*Exercise*. Scan the data. Collect each line that contains the word "noteq".

*Source records*.
******************************
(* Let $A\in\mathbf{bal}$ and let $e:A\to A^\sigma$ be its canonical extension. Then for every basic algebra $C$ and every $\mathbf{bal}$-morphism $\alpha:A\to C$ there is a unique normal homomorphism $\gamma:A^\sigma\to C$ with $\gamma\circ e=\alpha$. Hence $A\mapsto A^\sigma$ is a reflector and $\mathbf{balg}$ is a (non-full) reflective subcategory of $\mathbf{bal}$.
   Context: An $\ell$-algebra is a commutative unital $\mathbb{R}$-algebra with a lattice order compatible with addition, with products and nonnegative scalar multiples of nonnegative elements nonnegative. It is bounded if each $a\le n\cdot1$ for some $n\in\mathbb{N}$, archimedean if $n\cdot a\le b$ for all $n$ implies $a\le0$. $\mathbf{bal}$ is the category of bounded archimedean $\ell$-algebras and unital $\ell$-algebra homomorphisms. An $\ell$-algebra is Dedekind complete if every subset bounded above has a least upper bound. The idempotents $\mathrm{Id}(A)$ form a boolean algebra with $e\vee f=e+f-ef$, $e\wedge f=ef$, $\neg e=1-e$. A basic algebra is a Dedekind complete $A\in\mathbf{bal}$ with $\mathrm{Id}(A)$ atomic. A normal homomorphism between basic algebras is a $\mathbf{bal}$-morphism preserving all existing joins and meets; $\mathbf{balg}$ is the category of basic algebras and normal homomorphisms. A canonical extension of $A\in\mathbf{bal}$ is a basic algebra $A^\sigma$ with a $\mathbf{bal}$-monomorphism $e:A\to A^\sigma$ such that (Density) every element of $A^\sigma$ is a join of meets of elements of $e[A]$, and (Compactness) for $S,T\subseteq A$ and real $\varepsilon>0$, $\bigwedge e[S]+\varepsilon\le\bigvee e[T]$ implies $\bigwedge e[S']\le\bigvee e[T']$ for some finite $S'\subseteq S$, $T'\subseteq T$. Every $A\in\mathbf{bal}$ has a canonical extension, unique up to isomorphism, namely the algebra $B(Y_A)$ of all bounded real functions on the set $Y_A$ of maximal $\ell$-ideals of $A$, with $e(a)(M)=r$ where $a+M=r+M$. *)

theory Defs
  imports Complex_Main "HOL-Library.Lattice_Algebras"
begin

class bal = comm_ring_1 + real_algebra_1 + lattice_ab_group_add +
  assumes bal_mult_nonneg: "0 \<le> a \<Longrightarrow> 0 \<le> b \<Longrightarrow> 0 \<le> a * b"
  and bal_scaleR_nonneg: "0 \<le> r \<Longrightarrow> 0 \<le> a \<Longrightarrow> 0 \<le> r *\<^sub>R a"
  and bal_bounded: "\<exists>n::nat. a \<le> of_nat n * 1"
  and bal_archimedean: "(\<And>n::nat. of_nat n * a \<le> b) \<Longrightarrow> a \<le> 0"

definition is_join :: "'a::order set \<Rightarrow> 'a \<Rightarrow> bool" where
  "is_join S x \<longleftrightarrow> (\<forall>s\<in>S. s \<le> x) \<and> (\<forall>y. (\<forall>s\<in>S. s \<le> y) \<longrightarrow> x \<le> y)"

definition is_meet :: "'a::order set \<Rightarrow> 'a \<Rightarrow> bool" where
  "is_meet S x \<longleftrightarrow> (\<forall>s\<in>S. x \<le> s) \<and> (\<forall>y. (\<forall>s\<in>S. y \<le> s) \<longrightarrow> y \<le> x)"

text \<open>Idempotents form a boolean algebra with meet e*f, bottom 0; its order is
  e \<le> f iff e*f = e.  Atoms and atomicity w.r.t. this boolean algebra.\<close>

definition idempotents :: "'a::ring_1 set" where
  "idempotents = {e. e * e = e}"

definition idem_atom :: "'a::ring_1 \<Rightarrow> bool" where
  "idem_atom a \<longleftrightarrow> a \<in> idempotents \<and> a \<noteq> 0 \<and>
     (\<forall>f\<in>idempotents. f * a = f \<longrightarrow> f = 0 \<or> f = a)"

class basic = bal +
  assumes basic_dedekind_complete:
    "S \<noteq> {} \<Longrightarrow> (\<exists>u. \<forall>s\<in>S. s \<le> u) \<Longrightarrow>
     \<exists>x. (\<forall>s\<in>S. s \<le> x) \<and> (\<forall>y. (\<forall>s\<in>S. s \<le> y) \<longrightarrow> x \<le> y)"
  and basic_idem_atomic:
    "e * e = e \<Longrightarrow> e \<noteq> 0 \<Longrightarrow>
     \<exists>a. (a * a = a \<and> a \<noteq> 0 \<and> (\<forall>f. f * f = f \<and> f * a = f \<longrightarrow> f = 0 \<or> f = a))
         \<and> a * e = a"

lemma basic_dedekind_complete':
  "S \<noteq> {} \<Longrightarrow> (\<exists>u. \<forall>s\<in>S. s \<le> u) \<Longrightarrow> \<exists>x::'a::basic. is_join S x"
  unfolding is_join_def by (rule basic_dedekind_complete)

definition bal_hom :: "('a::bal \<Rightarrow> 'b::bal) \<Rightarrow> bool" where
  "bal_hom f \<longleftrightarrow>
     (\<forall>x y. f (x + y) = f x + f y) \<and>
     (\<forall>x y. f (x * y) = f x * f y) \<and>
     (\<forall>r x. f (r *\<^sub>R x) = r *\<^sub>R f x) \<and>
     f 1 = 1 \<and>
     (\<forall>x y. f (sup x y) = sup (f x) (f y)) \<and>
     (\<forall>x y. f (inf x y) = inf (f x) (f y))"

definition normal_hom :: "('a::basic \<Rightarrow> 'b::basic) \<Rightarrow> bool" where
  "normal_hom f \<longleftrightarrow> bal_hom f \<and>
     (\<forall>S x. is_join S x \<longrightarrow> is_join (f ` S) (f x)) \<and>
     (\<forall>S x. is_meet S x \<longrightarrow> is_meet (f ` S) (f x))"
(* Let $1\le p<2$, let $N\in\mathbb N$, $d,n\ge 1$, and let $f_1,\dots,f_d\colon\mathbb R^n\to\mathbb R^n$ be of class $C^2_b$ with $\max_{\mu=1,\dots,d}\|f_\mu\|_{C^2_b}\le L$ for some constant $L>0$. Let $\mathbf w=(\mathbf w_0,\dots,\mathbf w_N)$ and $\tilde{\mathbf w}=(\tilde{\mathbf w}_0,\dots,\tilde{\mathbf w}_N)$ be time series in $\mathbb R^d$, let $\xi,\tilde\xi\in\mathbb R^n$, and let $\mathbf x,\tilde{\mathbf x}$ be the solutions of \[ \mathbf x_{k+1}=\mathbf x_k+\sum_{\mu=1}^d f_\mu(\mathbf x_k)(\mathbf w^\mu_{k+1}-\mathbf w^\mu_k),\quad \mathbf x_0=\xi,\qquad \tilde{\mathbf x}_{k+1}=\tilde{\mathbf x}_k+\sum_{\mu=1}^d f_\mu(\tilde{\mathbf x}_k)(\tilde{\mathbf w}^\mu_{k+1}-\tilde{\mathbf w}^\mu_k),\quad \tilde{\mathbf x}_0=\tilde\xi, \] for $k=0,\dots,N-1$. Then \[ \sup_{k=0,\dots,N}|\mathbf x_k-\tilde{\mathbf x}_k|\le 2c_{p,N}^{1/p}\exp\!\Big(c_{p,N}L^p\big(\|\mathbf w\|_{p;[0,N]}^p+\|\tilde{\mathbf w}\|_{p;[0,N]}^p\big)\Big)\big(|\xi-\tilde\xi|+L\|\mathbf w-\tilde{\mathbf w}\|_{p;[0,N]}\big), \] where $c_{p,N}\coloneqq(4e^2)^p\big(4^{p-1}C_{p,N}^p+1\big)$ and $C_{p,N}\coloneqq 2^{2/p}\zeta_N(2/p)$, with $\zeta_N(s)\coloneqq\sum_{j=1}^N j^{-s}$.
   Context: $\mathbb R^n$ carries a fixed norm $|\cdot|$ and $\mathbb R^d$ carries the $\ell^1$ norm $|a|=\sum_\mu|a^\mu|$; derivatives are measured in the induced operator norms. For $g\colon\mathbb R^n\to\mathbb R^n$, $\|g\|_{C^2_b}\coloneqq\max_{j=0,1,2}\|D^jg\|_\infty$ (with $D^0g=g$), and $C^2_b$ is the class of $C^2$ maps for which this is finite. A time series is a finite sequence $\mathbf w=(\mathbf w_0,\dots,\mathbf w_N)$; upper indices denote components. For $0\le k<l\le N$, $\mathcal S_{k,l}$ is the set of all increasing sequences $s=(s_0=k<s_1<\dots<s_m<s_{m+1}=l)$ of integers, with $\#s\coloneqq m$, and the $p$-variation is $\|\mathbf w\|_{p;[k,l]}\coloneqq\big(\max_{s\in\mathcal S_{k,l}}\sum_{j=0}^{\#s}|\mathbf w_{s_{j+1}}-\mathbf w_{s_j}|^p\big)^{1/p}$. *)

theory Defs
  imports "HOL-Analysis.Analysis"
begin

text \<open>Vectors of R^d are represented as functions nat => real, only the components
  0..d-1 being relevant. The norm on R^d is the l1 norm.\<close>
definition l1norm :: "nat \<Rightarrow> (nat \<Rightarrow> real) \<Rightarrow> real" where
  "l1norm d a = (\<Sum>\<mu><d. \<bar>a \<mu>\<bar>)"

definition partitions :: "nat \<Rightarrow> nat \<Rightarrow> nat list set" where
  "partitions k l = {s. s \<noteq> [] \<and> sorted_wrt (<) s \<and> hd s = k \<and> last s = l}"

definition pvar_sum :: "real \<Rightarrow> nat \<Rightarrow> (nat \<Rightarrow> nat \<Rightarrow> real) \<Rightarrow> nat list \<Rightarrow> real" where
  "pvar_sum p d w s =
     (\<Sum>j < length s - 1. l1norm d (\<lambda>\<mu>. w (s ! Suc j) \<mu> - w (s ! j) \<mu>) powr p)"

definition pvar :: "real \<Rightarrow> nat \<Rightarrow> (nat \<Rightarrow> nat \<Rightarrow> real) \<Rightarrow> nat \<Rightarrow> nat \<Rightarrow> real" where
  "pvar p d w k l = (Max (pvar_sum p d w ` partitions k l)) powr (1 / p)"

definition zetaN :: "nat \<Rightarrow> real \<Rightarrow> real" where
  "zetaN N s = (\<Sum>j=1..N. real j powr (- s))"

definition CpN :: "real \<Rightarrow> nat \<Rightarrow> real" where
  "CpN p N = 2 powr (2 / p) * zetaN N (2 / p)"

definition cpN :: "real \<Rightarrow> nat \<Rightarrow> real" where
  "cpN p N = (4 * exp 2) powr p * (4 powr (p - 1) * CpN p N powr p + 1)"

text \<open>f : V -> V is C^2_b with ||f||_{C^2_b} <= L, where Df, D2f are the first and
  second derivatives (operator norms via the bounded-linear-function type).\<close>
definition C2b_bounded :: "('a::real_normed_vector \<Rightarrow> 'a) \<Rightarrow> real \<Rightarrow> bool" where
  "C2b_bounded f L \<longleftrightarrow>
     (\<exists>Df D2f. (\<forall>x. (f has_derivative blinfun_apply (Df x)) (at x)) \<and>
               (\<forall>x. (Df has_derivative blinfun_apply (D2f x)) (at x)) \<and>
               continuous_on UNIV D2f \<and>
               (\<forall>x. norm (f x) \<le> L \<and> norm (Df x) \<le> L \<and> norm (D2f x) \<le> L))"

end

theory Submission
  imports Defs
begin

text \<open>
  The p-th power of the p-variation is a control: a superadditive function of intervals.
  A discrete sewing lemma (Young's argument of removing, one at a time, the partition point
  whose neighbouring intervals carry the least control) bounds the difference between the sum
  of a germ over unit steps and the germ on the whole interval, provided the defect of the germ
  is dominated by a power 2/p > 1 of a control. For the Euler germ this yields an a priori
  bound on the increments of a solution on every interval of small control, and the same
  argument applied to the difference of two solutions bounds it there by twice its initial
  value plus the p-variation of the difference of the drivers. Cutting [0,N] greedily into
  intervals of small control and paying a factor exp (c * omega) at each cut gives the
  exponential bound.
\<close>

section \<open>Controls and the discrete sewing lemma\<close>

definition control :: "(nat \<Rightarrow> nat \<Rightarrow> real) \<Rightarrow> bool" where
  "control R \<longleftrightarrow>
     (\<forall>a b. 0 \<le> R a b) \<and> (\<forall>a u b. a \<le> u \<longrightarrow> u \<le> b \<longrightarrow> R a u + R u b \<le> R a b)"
******************************
*Answer box*.
  "idem_atom a \<longleftrightarrow> a \<in> idempotents \<and> a \<noteq> 0 \<and>
    "S \<noteq> {} \<Longrightarrow> (\<exists>u. \<forall>s\<in>S. s \<le> u) \<Longrightarrow>
    "e * e = e \<Longrightarrow> e \<noteq> 0 \<Longrightarrow>
     \<exists>a. (a * a = a \<and> a \<noteq> 0 \<and> (\<forall>f. f * f = f \<and> f * a = f \<longrightarrow> f = 0 \<or> f = a))
  "S \<noteq> {} \<Longrightarrow> (\<exists>u. \<forall>s\<in>S. s \<le> u) \<Longrightarrow> \<exists>x::'a::basic. is_join S x"
  "partitions k l = {s. s \<noteq> [] \<and> sorted_wrt (<) s \<and> hd s = k \<and> last s = l}"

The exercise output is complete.